*** EXTRACTED MATERIAL ***
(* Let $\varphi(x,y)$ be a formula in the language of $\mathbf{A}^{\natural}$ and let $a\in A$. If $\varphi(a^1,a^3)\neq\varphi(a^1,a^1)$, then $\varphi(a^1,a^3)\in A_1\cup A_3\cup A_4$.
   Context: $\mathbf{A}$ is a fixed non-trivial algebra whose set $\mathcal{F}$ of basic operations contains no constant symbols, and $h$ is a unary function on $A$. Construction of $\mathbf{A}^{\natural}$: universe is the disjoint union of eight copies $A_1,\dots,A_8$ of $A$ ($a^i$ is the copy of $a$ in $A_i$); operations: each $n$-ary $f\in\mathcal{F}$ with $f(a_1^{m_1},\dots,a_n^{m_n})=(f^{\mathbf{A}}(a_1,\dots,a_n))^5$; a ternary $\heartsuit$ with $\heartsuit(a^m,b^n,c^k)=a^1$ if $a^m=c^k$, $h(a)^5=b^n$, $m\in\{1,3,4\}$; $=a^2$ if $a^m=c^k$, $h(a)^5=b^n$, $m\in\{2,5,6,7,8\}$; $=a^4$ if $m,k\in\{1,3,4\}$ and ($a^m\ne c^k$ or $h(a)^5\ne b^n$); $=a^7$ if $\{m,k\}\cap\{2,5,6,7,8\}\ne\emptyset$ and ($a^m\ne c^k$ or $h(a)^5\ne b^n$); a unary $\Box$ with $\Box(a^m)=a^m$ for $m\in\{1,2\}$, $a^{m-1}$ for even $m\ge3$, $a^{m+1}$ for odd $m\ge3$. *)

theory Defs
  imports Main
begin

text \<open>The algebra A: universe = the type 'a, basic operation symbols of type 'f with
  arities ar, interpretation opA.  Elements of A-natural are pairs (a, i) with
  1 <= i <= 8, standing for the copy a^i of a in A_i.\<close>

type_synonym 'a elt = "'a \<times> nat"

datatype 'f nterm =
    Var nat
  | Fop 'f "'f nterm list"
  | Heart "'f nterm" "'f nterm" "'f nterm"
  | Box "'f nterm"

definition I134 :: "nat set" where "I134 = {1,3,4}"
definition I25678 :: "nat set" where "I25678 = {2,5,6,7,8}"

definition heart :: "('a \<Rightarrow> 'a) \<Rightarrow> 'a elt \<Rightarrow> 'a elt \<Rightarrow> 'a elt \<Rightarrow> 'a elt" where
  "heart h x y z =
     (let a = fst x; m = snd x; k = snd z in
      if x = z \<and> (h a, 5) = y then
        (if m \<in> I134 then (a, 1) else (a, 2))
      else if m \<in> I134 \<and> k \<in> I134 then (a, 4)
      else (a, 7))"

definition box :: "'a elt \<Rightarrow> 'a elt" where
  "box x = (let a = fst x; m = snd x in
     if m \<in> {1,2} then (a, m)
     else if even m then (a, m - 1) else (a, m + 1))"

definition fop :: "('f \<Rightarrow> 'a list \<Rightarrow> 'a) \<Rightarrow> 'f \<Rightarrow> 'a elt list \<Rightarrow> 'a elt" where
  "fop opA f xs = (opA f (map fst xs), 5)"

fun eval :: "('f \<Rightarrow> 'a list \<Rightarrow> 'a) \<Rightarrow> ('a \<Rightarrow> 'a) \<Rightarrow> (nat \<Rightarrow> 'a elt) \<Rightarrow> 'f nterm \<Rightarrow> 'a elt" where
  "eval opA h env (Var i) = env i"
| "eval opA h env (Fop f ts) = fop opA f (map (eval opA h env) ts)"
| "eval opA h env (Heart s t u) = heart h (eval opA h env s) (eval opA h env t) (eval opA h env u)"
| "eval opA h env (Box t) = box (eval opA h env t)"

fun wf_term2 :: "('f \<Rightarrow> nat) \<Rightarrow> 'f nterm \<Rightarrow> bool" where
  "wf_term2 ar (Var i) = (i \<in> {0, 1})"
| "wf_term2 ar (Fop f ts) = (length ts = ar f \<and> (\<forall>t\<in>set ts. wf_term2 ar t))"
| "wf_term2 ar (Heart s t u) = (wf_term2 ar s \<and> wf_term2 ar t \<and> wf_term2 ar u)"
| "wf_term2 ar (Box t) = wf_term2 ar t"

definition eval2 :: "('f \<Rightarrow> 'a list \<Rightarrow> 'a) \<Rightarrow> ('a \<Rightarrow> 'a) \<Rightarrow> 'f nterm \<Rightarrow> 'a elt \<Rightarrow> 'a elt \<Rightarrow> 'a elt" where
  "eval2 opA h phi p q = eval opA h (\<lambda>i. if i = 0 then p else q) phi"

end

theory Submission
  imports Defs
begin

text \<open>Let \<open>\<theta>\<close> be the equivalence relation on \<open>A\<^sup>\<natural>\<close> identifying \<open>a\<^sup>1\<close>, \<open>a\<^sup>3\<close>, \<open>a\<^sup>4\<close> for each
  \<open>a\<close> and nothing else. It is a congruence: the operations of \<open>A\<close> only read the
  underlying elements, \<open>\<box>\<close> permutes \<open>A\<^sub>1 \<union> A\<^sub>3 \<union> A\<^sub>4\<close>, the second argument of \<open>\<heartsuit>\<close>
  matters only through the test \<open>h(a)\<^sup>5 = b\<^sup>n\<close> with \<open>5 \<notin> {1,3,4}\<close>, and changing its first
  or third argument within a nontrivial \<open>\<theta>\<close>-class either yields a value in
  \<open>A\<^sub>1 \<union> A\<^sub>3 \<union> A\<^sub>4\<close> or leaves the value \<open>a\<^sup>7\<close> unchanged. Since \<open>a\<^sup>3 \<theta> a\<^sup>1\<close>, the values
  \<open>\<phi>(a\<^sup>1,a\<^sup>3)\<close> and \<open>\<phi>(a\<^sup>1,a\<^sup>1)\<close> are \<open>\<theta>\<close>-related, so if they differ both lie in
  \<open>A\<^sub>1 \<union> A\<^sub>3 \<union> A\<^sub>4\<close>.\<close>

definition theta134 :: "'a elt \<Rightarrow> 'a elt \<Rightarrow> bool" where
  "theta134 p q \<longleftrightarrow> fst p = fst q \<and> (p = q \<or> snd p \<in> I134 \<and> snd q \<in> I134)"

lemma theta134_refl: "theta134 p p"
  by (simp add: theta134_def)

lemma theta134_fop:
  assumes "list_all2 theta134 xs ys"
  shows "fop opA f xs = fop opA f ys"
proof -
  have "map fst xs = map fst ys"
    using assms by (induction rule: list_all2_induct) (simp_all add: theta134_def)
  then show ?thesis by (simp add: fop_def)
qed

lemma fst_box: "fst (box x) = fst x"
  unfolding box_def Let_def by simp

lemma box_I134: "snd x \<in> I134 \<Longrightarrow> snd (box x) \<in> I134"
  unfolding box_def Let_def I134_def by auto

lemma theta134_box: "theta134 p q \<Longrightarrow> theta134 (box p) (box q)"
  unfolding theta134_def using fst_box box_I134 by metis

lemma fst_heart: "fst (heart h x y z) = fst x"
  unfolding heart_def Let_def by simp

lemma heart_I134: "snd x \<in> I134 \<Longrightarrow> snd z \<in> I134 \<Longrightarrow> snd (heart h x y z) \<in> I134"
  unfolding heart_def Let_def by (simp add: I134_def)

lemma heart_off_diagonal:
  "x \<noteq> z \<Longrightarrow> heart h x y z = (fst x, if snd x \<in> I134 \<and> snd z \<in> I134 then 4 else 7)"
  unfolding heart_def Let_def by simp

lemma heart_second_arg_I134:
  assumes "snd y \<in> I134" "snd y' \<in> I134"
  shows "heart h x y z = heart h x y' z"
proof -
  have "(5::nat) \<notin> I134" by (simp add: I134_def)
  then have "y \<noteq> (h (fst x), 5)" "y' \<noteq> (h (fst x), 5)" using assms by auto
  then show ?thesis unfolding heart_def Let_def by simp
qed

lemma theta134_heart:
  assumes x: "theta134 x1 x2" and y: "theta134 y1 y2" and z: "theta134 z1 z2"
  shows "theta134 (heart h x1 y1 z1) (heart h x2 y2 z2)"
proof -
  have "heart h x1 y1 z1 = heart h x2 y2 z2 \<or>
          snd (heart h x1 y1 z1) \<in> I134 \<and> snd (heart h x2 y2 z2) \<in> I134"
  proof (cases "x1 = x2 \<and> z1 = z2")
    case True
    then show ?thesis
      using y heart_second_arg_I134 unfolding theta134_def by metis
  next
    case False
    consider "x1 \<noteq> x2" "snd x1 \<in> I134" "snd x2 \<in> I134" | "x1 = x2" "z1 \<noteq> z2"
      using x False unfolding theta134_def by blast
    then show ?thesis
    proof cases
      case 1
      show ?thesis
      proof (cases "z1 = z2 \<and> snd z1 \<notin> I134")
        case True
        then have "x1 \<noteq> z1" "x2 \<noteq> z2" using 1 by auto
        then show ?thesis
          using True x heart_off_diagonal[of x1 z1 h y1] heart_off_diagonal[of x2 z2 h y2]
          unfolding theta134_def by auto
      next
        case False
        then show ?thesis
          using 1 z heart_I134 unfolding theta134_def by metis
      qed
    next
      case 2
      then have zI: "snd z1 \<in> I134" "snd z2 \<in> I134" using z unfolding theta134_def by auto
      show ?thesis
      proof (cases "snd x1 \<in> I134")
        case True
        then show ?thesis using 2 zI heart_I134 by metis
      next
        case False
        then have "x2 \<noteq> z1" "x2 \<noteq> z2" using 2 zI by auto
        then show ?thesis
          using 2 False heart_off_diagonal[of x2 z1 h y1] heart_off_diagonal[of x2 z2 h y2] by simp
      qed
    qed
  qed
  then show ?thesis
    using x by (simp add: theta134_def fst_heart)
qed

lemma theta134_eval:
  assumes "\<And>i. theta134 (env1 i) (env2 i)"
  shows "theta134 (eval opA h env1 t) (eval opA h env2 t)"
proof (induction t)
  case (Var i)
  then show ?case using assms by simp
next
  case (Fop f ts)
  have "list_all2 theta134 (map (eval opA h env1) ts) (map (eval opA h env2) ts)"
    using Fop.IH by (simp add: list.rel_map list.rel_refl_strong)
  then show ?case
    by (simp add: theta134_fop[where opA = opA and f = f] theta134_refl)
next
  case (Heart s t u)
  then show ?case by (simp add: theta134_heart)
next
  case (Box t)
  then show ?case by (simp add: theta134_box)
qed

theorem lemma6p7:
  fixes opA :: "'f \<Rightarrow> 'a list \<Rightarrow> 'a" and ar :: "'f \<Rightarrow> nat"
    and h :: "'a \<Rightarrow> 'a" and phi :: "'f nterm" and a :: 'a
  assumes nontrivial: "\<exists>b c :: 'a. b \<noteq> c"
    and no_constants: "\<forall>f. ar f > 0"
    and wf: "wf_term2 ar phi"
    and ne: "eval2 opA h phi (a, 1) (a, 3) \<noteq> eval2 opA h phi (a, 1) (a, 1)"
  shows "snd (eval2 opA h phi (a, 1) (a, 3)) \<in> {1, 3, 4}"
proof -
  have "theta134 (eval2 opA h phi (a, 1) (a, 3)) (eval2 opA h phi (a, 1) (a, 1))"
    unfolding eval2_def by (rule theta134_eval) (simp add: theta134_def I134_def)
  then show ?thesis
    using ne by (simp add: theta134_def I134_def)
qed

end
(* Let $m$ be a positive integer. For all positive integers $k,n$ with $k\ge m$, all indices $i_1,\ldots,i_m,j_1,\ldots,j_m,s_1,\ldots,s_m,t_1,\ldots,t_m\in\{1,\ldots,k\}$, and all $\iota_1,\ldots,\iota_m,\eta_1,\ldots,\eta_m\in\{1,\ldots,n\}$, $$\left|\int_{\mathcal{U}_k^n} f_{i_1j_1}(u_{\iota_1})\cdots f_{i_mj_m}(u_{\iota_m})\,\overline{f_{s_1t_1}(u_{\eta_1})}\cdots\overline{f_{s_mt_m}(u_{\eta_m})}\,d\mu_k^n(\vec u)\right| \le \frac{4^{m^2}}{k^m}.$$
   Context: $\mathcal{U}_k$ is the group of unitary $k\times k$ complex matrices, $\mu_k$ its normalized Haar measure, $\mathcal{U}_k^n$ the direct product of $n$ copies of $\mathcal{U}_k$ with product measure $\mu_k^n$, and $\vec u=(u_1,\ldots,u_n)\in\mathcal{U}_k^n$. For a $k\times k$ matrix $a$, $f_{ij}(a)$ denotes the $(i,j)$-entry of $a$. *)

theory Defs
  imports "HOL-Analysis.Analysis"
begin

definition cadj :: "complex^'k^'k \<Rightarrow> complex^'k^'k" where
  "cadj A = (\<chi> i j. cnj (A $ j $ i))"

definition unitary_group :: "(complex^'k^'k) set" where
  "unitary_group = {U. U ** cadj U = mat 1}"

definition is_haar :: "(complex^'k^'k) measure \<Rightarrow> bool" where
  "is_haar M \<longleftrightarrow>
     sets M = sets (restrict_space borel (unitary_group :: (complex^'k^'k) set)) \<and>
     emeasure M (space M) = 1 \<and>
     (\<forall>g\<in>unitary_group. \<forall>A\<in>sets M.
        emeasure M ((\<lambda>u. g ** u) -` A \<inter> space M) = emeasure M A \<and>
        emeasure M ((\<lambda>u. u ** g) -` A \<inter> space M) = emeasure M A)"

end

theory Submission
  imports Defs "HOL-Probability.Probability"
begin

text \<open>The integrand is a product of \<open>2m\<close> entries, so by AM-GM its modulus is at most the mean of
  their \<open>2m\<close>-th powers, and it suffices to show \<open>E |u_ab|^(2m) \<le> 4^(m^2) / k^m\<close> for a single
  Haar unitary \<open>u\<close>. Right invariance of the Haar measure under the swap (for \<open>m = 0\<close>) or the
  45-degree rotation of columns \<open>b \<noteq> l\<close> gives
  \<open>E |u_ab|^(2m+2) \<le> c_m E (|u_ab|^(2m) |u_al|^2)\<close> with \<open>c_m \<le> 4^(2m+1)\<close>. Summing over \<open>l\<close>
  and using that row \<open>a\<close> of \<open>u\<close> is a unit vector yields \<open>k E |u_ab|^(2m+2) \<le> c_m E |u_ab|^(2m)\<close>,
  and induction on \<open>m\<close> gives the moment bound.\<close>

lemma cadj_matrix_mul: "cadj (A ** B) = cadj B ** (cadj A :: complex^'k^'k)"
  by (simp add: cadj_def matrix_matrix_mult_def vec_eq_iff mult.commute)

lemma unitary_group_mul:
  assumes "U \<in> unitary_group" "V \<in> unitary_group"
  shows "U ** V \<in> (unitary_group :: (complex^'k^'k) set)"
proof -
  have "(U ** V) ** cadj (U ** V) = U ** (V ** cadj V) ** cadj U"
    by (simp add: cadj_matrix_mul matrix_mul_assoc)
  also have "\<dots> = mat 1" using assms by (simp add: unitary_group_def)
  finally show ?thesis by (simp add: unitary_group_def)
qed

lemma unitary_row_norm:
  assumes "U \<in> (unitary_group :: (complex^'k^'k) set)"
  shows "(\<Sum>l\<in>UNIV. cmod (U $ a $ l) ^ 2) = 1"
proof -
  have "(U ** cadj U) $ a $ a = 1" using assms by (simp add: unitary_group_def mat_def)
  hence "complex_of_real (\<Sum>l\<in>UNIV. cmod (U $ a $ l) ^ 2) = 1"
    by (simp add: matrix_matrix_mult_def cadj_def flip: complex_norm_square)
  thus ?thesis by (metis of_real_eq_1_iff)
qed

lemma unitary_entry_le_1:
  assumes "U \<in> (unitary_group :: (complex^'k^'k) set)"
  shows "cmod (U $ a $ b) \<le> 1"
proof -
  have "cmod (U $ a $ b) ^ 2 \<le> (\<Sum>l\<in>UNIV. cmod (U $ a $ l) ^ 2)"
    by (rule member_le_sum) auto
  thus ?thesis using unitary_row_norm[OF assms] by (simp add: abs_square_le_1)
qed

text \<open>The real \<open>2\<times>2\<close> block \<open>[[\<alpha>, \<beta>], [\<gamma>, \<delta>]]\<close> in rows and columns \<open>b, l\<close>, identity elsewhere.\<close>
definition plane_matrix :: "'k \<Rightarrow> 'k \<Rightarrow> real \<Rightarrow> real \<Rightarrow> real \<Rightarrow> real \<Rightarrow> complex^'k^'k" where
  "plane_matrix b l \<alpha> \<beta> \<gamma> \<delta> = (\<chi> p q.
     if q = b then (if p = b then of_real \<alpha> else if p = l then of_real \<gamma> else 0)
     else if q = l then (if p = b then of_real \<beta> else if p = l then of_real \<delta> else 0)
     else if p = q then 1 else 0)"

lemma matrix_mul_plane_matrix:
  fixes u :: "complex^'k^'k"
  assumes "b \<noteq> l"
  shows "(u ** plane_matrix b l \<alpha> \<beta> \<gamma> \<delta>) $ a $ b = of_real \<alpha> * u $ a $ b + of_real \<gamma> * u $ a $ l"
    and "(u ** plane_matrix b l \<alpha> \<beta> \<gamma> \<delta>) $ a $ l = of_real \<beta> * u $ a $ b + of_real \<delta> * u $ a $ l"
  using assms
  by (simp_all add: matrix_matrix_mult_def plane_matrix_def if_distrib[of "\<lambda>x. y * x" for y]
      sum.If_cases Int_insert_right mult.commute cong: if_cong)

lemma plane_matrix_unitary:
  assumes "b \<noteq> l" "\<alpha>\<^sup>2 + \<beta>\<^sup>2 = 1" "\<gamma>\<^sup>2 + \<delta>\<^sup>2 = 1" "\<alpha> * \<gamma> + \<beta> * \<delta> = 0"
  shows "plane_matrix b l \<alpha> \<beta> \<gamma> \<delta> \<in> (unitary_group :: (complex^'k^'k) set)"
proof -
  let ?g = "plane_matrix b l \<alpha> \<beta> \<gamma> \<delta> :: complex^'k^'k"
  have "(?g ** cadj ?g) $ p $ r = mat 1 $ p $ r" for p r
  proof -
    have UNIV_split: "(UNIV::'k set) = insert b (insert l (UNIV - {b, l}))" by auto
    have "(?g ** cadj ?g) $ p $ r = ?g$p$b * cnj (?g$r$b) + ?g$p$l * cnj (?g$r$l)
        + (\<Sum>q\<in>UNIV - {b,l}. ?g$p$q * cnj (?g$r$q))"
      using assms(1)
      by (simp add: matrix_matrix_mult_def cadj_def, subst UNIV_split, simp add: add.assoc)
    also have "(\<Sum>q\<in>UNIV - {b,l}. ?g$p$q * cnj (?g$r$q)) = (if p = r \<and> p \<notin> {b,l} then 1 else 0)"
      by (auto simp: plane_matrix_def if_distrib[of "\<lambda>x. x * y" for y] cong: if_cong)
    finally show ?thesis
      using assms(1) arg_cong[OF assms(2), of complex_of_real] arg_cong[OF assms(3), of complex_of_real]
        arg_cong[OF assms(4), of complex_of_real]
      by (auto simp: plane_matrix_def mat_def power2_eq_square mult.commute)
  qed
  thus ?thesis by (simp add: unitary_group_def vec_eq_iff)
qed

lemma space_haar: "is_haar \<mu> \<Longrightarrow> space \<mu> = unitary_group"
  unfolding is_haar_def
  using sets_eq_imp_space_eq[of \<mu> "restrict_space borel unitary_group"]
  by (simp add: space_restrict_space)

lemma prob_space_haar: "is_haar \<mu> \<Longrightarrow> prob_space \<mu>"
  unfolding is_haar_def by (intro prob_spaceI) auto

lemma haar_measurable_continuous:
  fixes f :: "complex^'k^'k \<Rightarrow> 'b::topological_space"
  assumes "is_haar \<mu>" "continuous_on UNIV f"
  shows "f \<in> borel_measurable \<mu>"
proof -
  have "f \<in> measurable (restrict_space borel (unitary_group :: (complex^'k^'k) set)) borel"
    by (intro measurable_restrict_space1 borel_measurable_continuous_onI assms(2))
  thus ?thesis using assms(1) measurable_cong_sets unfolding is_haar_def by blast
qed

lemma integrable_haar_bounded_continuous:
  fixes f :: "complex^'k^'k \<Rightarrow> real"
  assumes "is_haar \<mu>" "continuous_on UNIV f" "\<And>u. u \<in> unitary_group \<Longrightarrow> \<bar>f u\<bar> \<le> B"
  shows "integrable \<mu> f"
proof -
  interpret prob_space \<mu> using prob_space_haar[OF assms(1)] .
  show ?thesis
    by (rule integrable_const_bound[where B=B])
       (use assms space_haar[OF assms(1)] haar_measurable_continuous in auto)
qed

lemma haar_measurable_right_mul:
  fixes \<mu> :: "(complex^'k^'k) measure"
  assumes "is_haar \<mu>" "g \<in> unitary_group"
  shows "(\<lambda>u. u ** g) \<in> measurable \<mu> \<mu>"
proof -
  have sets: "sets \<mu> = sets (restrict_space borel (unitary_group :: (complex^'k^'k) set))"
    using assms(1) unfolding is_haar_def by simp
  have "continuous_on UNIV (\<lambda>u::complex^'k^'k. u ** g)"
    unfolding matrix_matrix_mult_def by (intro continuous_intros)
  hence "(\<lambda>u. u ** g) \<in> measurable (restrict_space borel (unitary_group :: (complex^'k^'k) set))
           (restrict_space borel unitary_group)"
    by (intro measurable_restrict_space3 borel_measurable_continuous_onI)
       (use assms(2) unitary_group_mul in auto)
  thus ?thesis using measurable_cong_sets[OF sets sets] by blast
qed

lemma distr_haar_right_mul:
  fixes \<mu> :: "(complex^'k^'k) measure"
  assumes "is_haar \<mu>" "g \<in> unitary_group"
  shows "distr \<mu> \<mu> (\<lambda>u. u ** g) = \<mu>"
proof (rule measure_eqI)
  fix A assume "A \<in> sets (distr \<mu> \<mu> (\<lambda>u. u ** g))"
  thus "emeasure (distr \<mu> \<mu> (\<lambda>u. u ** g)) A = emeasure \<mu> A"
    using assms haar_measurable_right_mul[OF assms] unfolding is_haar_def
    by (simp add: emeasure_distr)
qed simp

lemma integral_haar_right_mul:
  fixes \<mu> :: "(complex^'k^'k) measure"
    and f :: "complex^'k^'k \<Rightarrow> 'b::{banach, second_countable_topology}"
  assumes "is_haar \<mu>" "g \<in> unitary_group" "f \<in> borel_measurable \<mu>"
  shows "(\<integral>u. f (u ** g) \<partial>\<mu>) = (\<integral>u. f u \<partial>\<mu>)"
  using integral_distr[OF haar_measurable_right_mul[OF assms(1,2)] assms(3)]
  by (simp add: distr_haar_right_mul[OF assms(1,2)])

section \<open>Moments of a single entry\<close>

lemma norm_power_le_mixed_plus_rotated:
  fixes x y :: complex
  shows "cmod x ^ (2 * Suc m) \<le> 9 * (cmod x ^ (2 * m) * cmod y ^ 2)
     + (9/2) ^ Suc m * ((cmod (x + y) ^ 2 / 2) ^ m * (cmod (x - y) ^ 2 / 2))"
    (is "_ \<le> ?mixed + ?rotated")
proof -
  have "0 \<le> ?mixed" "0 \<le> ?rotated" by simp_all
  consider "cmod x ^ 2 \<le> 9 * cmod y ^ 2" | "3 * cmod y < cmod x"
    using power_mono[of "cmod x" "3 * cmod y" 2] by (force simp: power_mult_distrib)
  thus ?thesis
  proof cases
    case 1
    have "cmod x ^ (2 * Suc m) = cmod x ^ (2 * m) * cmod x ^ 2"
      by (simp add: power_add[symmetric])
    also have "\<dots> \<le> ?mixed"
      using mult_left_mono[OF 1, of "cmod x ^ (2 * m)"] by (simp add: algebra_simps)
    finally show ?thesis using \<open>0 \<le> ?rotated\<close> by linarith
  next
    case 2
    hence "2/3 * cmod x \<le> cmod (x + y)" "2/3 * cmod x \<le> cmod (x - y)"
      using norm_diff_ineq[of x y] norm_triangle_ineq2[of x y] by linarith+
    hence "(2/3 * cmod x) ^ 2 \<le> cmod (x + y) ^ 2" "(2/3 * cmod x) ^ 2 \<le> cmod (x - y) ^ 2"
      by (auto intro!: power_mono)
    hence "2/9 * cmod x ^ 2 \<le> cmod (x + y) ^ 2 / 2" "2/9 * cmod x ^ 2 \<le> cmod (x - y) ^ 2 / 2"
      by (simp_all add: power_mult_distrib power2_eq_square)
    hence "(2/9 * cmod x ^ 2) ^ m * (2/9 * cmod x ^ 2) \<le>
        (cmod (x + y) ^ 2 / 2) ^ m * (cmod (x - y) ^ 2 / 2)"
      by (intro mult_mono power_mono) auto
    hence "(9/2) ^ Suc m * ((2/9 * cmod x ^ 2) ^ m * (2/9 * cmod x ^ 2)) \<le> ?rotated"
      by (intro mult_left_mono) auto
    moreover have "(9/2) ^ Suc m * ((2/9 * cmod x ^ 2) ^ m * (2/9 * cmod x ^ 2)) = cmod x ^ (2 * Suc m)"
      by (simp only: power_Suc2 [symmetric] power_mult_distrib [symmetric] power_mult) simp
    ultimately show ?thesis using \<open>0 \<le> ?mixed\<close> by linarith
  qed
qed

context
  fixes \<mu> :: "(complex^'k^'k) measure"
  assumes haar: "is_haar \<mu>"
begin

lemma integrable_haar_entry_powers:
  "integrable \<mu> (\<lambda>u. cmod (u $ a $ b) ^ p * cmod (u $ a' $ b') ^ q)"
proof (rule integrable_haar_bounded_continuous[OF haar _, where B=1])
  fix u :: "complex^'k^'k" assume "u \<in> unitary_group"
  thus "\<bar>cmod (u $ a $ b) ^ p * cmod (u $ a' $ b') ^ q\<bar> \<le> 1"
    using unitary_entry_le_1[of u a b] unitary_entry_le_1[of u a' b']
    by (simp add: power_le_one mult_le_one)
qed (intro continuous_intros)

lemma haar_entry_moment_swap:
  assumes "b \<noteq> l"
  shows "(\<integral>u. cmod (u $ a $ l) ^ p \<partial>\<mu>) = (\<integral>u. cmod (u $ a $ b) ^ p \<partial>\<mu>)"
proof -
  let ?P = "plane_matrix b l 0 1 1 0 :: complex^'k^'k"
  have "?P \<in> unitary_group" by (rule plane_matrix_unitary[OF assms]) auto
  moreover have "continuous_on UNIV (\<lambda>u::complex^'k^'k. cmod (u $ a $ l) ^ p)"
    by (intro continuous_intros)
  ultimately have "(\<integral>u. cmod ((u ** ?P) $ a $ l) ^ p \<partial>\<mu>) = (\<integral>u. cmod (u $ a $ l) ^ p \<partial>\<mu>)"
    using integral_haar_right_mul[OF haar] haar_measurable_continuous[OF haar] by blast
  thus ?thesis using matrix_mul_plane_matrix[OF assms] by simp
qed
***
§ **WORK TO COMPLETE**
The range runs from the line above containing "then show ?thesis unfolding" to the line containing "snd (heart h x1", inclusive. Restate those lines word for word and no others.

§ **RESULT OF THE EXERCISE**
  then show ?thesis unfolding heart_def Let_def by simp
qed

lemma theta134_heart:
  assumes x: "theta134 x1 x2" and y: "theta134 y1 y2" and z: "theta134 z1 z2"
  shows "theta134 (heart h x1 y1 z1) (heart h x2 y2 z2)"
proof -
  have "heart h x1 y1 z1 = heart h x2 y2 z2 \<or>
          snd (heart h x1 y1 z1) \<in> I134 \<and> snd (heart h x2 y2 z2) \<in> I134"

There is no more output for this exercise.